8 thoughts on “The Transformative Power of “AND”

  1. Yes, “AND” makes a better convincing sense. But then why the sequence, from a place to vaster world? Could it not be the progress of an individual himself, he focusing on his realisations?

    • It is a sequence in geography, not in chronology. It also in a very real sense the thesis for the book of Acts. The rest of the book is merely a demonstration of how this played out in the first generation of the church. Even as Paul was going out into the ends of the earth, there were still people like James ministering in Jerusalem. At the end of the book, we still see both happening together.

      • But is that not more a perspective from the point of a missionary and not a seeker? Should there not be the essence of esoteric-spiritual possibility of an individual?

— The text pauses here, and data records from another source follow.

definition aug_lagr :: "'t set \<Rightarrow> 'i set \<Rightarrow> real \<Rightarrow> ('t \<Rightarrow> 'i::finite \<Rightarrow> real) \<Rightarrow> ('t \<Rightarrow> 'i \<Rightarrow> real)
    \<Rightarrow> ('t \<Rightarrow> 'i \<Rightarrow> real) \<Rightarrow> ('t \<Rightarrow> 'i \<Rightarrow> real) \<Rightarrow> real" where
  "aug_lagr T J \<rho> c mu Xprev x =
     (\<Sum>t\<in>T. (\<Sum>i\<in>UNIV. c t i * x t i) - (\<Sum>j\<in>J. mu t j * x t j)
             - \<rho> / 2 * (\<Sum>j\<in>J. (x t j - Xprev t j)\<^sup>2))"

definition nonanticipative :: "'t set \<Rightarrow> ('t \<Rightarrow> 'g set set) \<Rightarrow> 'k set \<Rightarrow> 'i set
    \<Rightarrow> ('g \<Rightarrow> 'k \<Rightarrow> 't \<Rightarrow> 'i \<Rightarrow> real) \<Rightarrow> bool" where
  "nonanticipative T P K J x \<longleftrightarrow>
     (\<forall>t\<in>T. \<forall>N\<in>P t. \<forall>\<gamma>\<in>N. \<forall>\<gamma>'\<in>N. \<forall>k\<in>K. \<forall>k'\<in>K. \<forall>j\<in>J. x \<gamma> k t j = x \<gamma>' k' t j)"

definition total_obj :: "'g set \<Rightarrow> 'k set \<Rightarrow> 't set \<Rightarrow> ('g \<Rightarrow> real) \<Rightarrow> ('k \<Rightarrow> real)
    \<Rightarrow> ('g \<Rightarrow> 'k \<Rightarrow> 't \<Rightarrow> 'i::finite \<Rightarrow> real) \<Rightarrow> ('g \<Rightarrow> 'k \<Rightarrow> 't \<Rightarrow> 'i \<Rightarrow> real) \<Rightarrow> real" where
  "total_obj G K T \<pi>LT \<pi>MS c x = (\<Sum>\<gamma>\<in>G. \<Sum>k\<in>K. \<pi>LT \<gamma> * \<pi>MS k * lin_obj T (c \<gamma> k) (x \<gamma> k))"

        • On both counts, not really. This was my perspective long before I became a missionary. It was my perspective because it is good exegesis. The truth of what Jesus was saying is not some esoteric hidden knowledge. Jesus was speaking openly and publically to those who were about to lead the church he was inaugurating. He was saying that we will be witnesses here and there and everywhere. This truth is a reality for all who follow Him.

        • We should not read him too much on the human level, though his work work was to humanise Europe. But he is the Son of God, a divine Incarnation, Avatar as we would say, and his utterances have far deeper preciousness than what an immediate context would convey. He did not come to propagate; he brought a certain divine truth, psychic love, Love.

  2. Europe never knew Devotion, Bhakti, before Christ. See its efflorescence in the devotional upsurge in Europe, and also in India, and somewhere else too.

    • Christ never lived in Europe. But I guess it would be fair to say that Europe never knew devotion until Paul and others brought Christ. In the same way it would be fair to say that India never knew devotion until Thomas and others brought Christ. True devotion is only found in Christ.

      • The Indian Puranas like Vishnu Purana, Bhagawat Purana, written long before Christ are all about devotion and Bhakti. The story of the Avatars glorifies it with amazing wonders.

        It is the message and ministry of Christ through the apostles that humanised Europe. But then there were the cruelest Inquisitions also.